Exercise goal ::
Would you please transcribe, exactly as written, the lines of the entries below starting at the one that holds "then obtain P" and ending at the one that holds "with assms(1) \<open>u", both included?

Stored data entries:
(* If $H$ is a convex subgraph of a graph $G$, then $\chi_{\mu_k}(G)\ge \chi_{\mu_k}(H)$ for every positive integer $k$.
   Context: A subgraph $H$ of $G$ is convex if for all $x,y\in V(H)$, every $x,y$-geodesic (shortest path) of $G$ lies entirely in $H$. For a positive integer $k$, a set $M\subseteq V(G)$ is a $k$-distance mutual-visibility set if for every two vertices $u,v\in M$ there exists a $u,v$-geodesic of length at most $k$ none of whose internal vertices lies in $M$. $\chi_{\mu_k}(G)$ is the minimum cardinality of a partition of $V(G)$ into $k$-distance mutual-visibility sets. *)

theory Defs
  imports Main "HOL-Library.Disjoint_Sets"
begin

definition graph :: "'a set \<Rightarrow> ('a \<times> 'a) set \<Rightarrow> bool" where
  "graph V E \<longleftrightarrow> finite V \<and> E \<subseteq> V \<times> V \<and> sym E \<and> (\<forall>x. (x, x) \<notin> E)"

definition walk :: "'a set \<Rightarrow> ('a \<times> 'a) set \<Rightarrow> 'a \<Rightarrow> 'a \<Rightarrow> 'a list \<Rightarrow> bool" where
  "walk V E u v xs \<longleftrightarrow> xs \<noteq> [] \<and> hd xs = u \<and> last xs = v \<and> set xs \<subseteq> V \<and>
     (\<forall>i. Suc i < length xs \<longrightarrow> (xs ! i, xs ! Suc i) \<in> E)"

definition walk_edges :: "'a list \<Rightarrow> ('a \<times> 'a) set" where
  "walk_edges xs = {(xs ! i, xs ! Suc i) | i. Suc i < length xs}"

definition walk_len :: "'a list \<Rightarrow> nat" where
  "walk_len xs = length xs - 1"

definition geodesic :: "'a set \<Rightarrow> ('a \<times> 'a) set \<Rightarrow> 'a \<Rightarrow> 'a \<Rightarrow> 'a list \<Rightarrow> bool" where
  "geodesic V E u v xs \<longleftrightarrow> walk V E u v xs \<and>
     (\<forall>ys. walk V E u v ys \<longrightarrow> walk_len xs \<le> walk_len ys)"

definition subgraph :: "'a set \<Rightarrow> ('a \<times> 'a) set \<Rightarrow> 'a set \<Rightarrow> ('a \<times> 'a) set \<Rightarrow> bool" where
  "subgraph VH EH V E \<longleftrightarrow> VH \<subseteq> V \<and> EH \<subseteq> E"

definition convex_subgraph :: "'a set \<Rightarrow> ('a \<times> 'a) set \<Rightarrow> 'a set \<Rightarrow> ('a \<times> 'a) set \<Rightarrow> bool" where
  "convex_subgraph VH EH V E \<longleftrightarrow> subgraph VH EH V E \<and>
     (\<forall>x\<in>VH. \<forall>y\<in>VH. \<forall>P. geodesic V E x y P \<longrightarrow> set P \<subseteq> VH \<and> walk_edges P \<subseteq> EH)"

definition internal :: "'a list \<Rightarrow> 'a set" where
  "internal xs = set (butlast (tl xs))"

definition kdist_mv_set :: "nat \<Rightarrow> 'a set \<Rightarrow> ('a \<times> 'a) set \<Rightarrow> 'a set \<Rightarrow> bool" where
  "kdist_mv_set k V E M \<longleftrightarrow> M \<subseteq> V \<and>
     (\<forall>u\<in>M. \<forall>v\<in>M. \<exists>P. geodesic V E u v P \<and> walk_len P \<le> k \<and> internal P \<inter> M = {})"

definition chi_mu :: "nat \<Rightarrow> 'a set \<Rightarrow> ('a \<times> 'a) set \<Rightarrow> nat" where
  "chi_mu k V E = (LEAST n. \<exists>\<P>. partition_on V \<P> \<and> finite \<P> \<and> card \<P> = n \<and>
      (\<forall>M\<in>\<P>. kdist_mv_set k V E M))"

end

theory Submission
  imports Defs
begin

text \<open>Restricting every class of an optimal partition of \<open>G\<close> to \<open>V(H)\<close> gives a partition of \<open>V(H)\<close>
  with no more classes. Each restricted class is still a \<open>k\<close>-distance mutual-visibility set of \<open>H\<close>:
  a witnessing geodesic of \<open>G\<close> between two vertices of \<open>H\<close> lies in \<open>H\<close> by convexity, hence is a
  geodesic of \<open>H\<close> of the same length, and it avoids the smaller class.\<close>

lemma walk_mono:
  assumes "walk VH EH u v xs" "VH \<subseteq> V" "EH \<subseteq> E"
  shows "walk V E u v xs"
  using assms unfolding walk_def by blast

lemma walk_restrict:
  assumes "walk V E u v xs" "set xs \<subseteq> VH" "walk_edges xs \<subseteq> EH"
  shows "walk VH EH u v xs"
  using assms unfolding walk_def walk_edges_def by blast

lemma geodesic_convex_subgraph:
  assumes "convex_subgraph VH EH V E" "u \<in> VH" "v \<in> VH" "geodesic V E u v P"
  shows "geodesic VH EH u v P"
proof -
  have sub: "VH \<subseteq> V" "EH \<subseteq> E" and inside: "set P \<subseteq> VH" "walk_edges P \<subseteq> EH"
    using assms by (auto simp: convex_subgraph_def subgraph_def)
  have "walk VH EH u v P"
    using assms(4) inside by (auto simp: geodesic_def intro: walk_restrict)
  moreover have "walk_len P \<le> walk_len ys" if "walk VH EH u v ys" for ys
    using walk_mono[OF that sub] assms(4) by (simp add: geodesic_def)
  ultimately show ?thesis
    by (simp add: geodesic_def)
qed

lemma kdist_mv_set_singleton:
  assumes "x \<in> V"
  shows "kdist_mv_set k V E {x}"
proof -
  have "geodesic V E x x [x]"
    using assms by (auto simp: geodesic_def walk_def walk_len_def)
  then show ?thesis
    using assms by (auto simp: kdist_mv_set_def walk_len_def internal_def)
qed

lemma kdist_mv_set_convex_subgraph:
  assumes "convex_subgraph VH EH V E" "kdist_mv_set k V E M"
  shows "kdist_mv_set k VH EH (VH \<inter> M)"
  unfolding kdist_mv_set_def
proof (intro conjI ballI)
  fix u v assume "u \<in> VH \<inter> M" "v \<in> VH \<inter> M"
  then obtain P where "geodesic V E u v P" "walk_len P \<le> k" "internal P \<inter> M = {}"
    using assms(2) unfolding kdist_mv_set_def by blast
  with assms(1) \<open>u \<in> VH \<inter> M\<close> \<open>v \<in> VH \<inter> M\<close>
  show "\<exists>P. geodesic VH EH u v P \<and> walk_len P \<le> k \<and> internal P \<inter> (VH \<inter> M) = {}"
    by (blast intro: geodesic_convex_subgraph)
qed blast

lemma chi_mu_le:
  assumes "partition_on V \<P>" "finite \<P>" "\<forall>M\<in>\<P>. kdist_mv_set k V E M"
  shows "chi_mu k V E \<le> card \<P>"
  unfolding chi_mu_def by (rule Least_le) (use assms in blast)

lemma chi_mu_attained:
  assumes "finite V"
  obtains \<P> where "partition_on V \<P>" "finite \<P>" "card \<P> = chi_mu k V E"
    "\<forall>M\<in>\<P>. kdist_mv_set k V E M"
proof -
  have "\<exists>n \<P>. partition_on V \<P> \<and> finite \<P> \<and> card \<P> = n \<and> (\<forall>M\<in>\<P>. kdist_mv_set k V E M)"
    using partition_on_singletons[of V] assms kdist_mv_set_singleton[of _ V k E] by blast
  from LeastI_ex[OF this] show ?thesis
    using that unfolding chi_mu_def by blast
qed

lemma card_partition_restrict_le:
  assumes "finite \<P>"
  shows "card ((\<inter>) A ` \<P> - {{}}) \<le> card \<P>"
  using assms by (meson Diff_subset card_image_le card_mono finite_imageI le_trans)

theorem proposition2p5:
  fixes V VH :: "'a set" and E EH :: "('a \<times> 'a) set" and k :: nat
  assumes "graph V E" and "graph VH EH"
    and "convex_subgraph VH EH V E"
    and "k > 0"
  shows "chi_mu k V E \<ge> chi_mu k VH EH"
proof -
  obtain \<P> where \<P>: "partition_on V \<P>" "finite \<P>" "card \<P> = chi_mu k V E"
    "\<forall>M\<in>\<P>. kdist_mv_set k V E M"
    using chi_mu_attained assms(1) unfolding graph_def by metis
  define \<P>H where "\<P>H = (\<inter>) VH ` \<P> - {{}}"
  have "VH \<subseteq> V"
    using assms(3) by (simp add: convex_subgraph_def subgraph_def)
  then have "partition_on VH \<P>H"
    using partition_on_restrict[OF \<P>(1), of VH] by (simp add: \<P>H_def Int_absorb2)
  moreover have "finite \<P>H"
    using \<P>(2) by (simp add: \<P>H_def)
  moreover have "\<forall>M\<in>\<P>H. kdist_mv_set k VH EH M"
    using \<P>(4) kdist_mv_set_convex_subgraph[OF assms(3)] by (auto simp: \<P>H_def)
  ultimately have "chi_mu k VH EH \<le> card \<P>H"
    by (rule chi_mu_le)
  also have "\<dots> \<le> chi_mu k V E"
    using card_partition_restrict_le[OF \<P>(2)] \<P>(3) by (simp add: \<P>H_def)
  finally show ?thesis .
qed

end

Output below ::
  then obtain P where "geodesic V E u v P" "walk_len P \<le> k" "internal P \<inter> M = {}"
    using assms(2) unfolding kdist_mv_set_def by blast
  with assms(1) \<open>u \<in> VH \<inter> M\<close> \<open>v \<in> VH \<inter> M\<close>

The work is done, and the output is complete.